A pink neon café called The Indaya Café was the only thing open. It was packed, always a good sign, but so packed (bad sign) that they couldn’t seat us. They could have seated us, but only in the waiting-to-be-seated section. They served big Imperial Pints of bitter, I’m happy. Myles is rocking, Theresa’s stressed.


By the time that they seat us for real we’re all stressed. I’m bitching that it took five times as long as they promised, etc. When Theresa’s stressed it’s bad, when I’m stressed I make it unbearable for everyone around.


We look at the menu: CHICKEN VINDALOO!!!!


That’s different. I’m better, Myles is better.


I’m not a werewolf, I’m not a visionary, I’m certainly not a saint – but I can read the writing on the wall when the menu lists something I’ve wanted since I was too young to drink beer in public (but did anyway).


For reasons that defy explanation, and certainly don’t have to do with results to date, Theresa implicitly trusts my judgment.


“Two Chicken VINDALOOS please…”


Chicken Vindaloo is, without any question whatsoever, the hottest dish ever invented in this solar system. Theresa wisely mixed a little with her rice, my rice was buried immediately. Kasmira got the slightly more sensible Chicken Madras and burned her tongue with the first bite (Kasmira has a taste for hot food that I’ve never seen in anyone her age, she put Wasabi on crackers for months when she discovered it).


God Bless Joey Ramone’s soul, but when the pivotal moment came I made the mistake of breathing in at the same time I took my third bite of Chicken Vindaloo at the Indaya Café in Plymouth, Devon, England, United Kingdom.

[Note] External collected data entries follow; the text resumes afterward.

lemma sum_Qseq_eq_slice_combs:
  assumes "finite F" "F \<subseteq> B \<times> Pow {0, 1}" "\<And>b. b \<in> B \<Longrightarrow> fin_supp b"
  shows "(\<Sum>(b, I)\<in>F. smul (c (b, I)) (Qseq p I b)) = slice_comb F c {} + Qop p 0 (slice_comb F c {0})
    + Qop p 1 (slice_comb F c {1}) + Qop p 0 (Qop p 1 (slice_comb F c {0, 1}))"
proof -
  define T where "T = {{}, {0}, {1}, {0, 1 :: nat}}"
  have fin: "fin_supp (fst y)" if "y \<in> F" for y
    using that assms(2,3) by auto
  have slice: "(\<Sum>y | y \<in> F \<and> snd y = J. smul (c y) (Qseq p (snd y) (fst y))) = Qseq p J (slice_comb F c J)"
    for J
  proof -
    have "Qseq p J (slice_comb F c J) = (\<Sum>y | y \<in> F \<and> snd y = J. Qseq p J (smul (c y) (fst y)))"
      unfolding slice_comb_def by (rule fs_linear_sum[OF fs_linear_Qseq]) (simp add: fin)
    also have "\<dots> = (\<Sum>y | y \<in> F \<and> snd y = J. smul (c y) (Qseq p (snd y) (fst y)))"
      by (rule sum.cong) (auto simp: fs_linear_smul[OF fs_linear_Qseq fin])
    finally show ?thesis by simp
  qed
  have sT: "snd ` F \<subseteq> T"
  proof
    fix J assume "J \<in> snd ` F"
    then have "J \<subseteq> {0, 1}" using assms(2) by auto
    then show "J \<in> T" using subset_01_cases[of J] by (auto simp: T_def)
  qed
  have "(\<Sum>(b, I)\<in>F. smul (c (b, I)) (Qseq p I b)) = (\<Sum>y\<in>F. smul (c y) (Qseq p (snd y) (fst y)))"
    by (simp add: case_prod_beta)
  also have "\<dots> = (\<Sum>J\<in>T. \<Sum>y | y \<in> F \<and> snd y = J. smul (c y) (Qseq p (snd y) (fst y)))"
    by (rule sum.group[OF assms(1) _ sT, symmetric]) (simp add: T_def)
  also have "\<dots> = (\<Sum>J\<in>T. Qseq p J (slice_comb F c J))"
    by (intro sum.cong refl slice)
  also have "\<dots> = slice_comb F c {} + Qop p 0 (slice_comb F c {0})
      + Qop p 1 (slice_comb F c {1}) + Qop p 0 (Qop p 1 (slice_comb F c {0, 1}))"
    by (simp add: T_def add.assoc)
  finally show ?thesis .
qed

lemma Qseq_family_independent:
  assumes "2 \<le> p" "(2::'a::idom) \<noteq> 0" "B \<subseteq> len_vecs 2"
    and indep: "module.independent smul (B \<union> BS)" and disj: "B \<inter> BS = {}"
    and S2: "{s \<in> Ssub p. s \<in> len_vecs 2} \<subseteq> module.span smul BS"
    and F: "finite F" "F \<subseteq> B \<times> Pow {0, 1}"
    and rel: "(\<Sum>(b, I)\<in>F. smul (c (b, I)) (Qseq p I b)) \<in> Ssub p" and "x \<in> F"
  shows "c x = (0 :: 'a)"
proof -
  let ?u = "slice_comb F c"
  have fstB: "fst y \<in> B" if "y \<in> F" for y using F(2) that by auto
  have u_len: "?u J \<in> len_vecs 2" for J
    unfolding slice_comb_def using assms(3) fstB by (intro len_vecs_sum len_vecs_smul) auto
  have u_span: "?u J \<in> module.span smul B" for J
    unfolding slice_comb_def using fstB
    by (intro fun_module.span_sum fun_module.span_scale fun_module.span_base) auto
  have "\<And>b. b \<in> B \<Longrightarrow> fin_supp b"
    using assms(3) len_vecs_fin_supp by blast
  then have uS: "?u {} \<in> Ssub p \<and> ?u {0} \<in> Ssub p \<and> ?u {1} \<in> Ssub p \<and> ?u {0, 1} \<in> Ssub p"
    using rel sum_Qseq_eq_slice_combs[OF F, of c p]
    by (intro len2_relation_in_Ssub[OF assms(1,2) u_len u_len u_len u_len]) simp
  have "x \<in> B \<times> Pow {0, 1}" using F(2) \<open>x \<in> F\<close> by blast
  then have "snd x \<subseteq> {0, 1}" by (simp add: mem_Times_iff)
  from subset_01_cases[OF this] have "?u (snd x) \<in> Ssub p"
    using uS by (elim disjE) simp_all
  then have "?u (snd x) \<in> module.span smul BS"
    using S2 u_len by blast
  then have zero: "?u (snd x) = 0"
    by (rule fun_module.independent_Un_span_Int[OF indep disj u_span])
  have inj: "inj_on fst {y \<in> F. snd y = snd x}"
    by (auto simp: inj_on_def prod_eq_iff)
  have "(\<Sum>b\<in>fst ` {y \<in> F. snd y = snd x}. smul (c (b, snd x)) b) = ?u (snd x)"
    by (simp add: slice_comb_def sum.reindex[OF inj]) (auto intro!: sum.cong)
  then have sum0: "(\<Sum>b\<in>fst ` {y \<in> F. snd y = snd x}. smul (c (b, snd x)) b) = 0"
    using zero by simp
  have indepB: "module.independent smul B"
    by (rule fun_module.independent_mono[OF indep]) blast
  have "c (fst x, snd x) = 0"
  proof (rule fun_module.independentD[OF indepB _ _ sum0])
    show "finite (fst ` {y \<in> F. snd y = snd x})" using F(1) by simp
    show "fst ` {y \<in> F. snd y = snd x} \<subseteq> B" using fstB by auto
    show "fst x \<in> fst ` {y \<in> F. snd y = snd x}" using \<open>x \<in> F\<close> by auto
  qed
  then show ?thesis by simp
qed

I started coughing. Couldn’t stop. My eyes watered, without cessation. My nose ran. I waved my arms, they understood, more beer showed up, the waiter laughed at me. “Is everything awlraight, suh?”


Chicken Vindaloo is everything that I hoped it would be. More. Somewhere far above Joey Ramone had a smoke, and leaned on the shoulder of Fred “Sonic” Smith, and said something about “punk rock cuisine.”










The Trapps say goodbye


So long, goodbye, auf wiedersehen, good night…The Trapp Family in
Europe



Our lives have been richer for this experience. Thank you for noticing our little adventure. I have no regrets, I urge you not to have any regrets.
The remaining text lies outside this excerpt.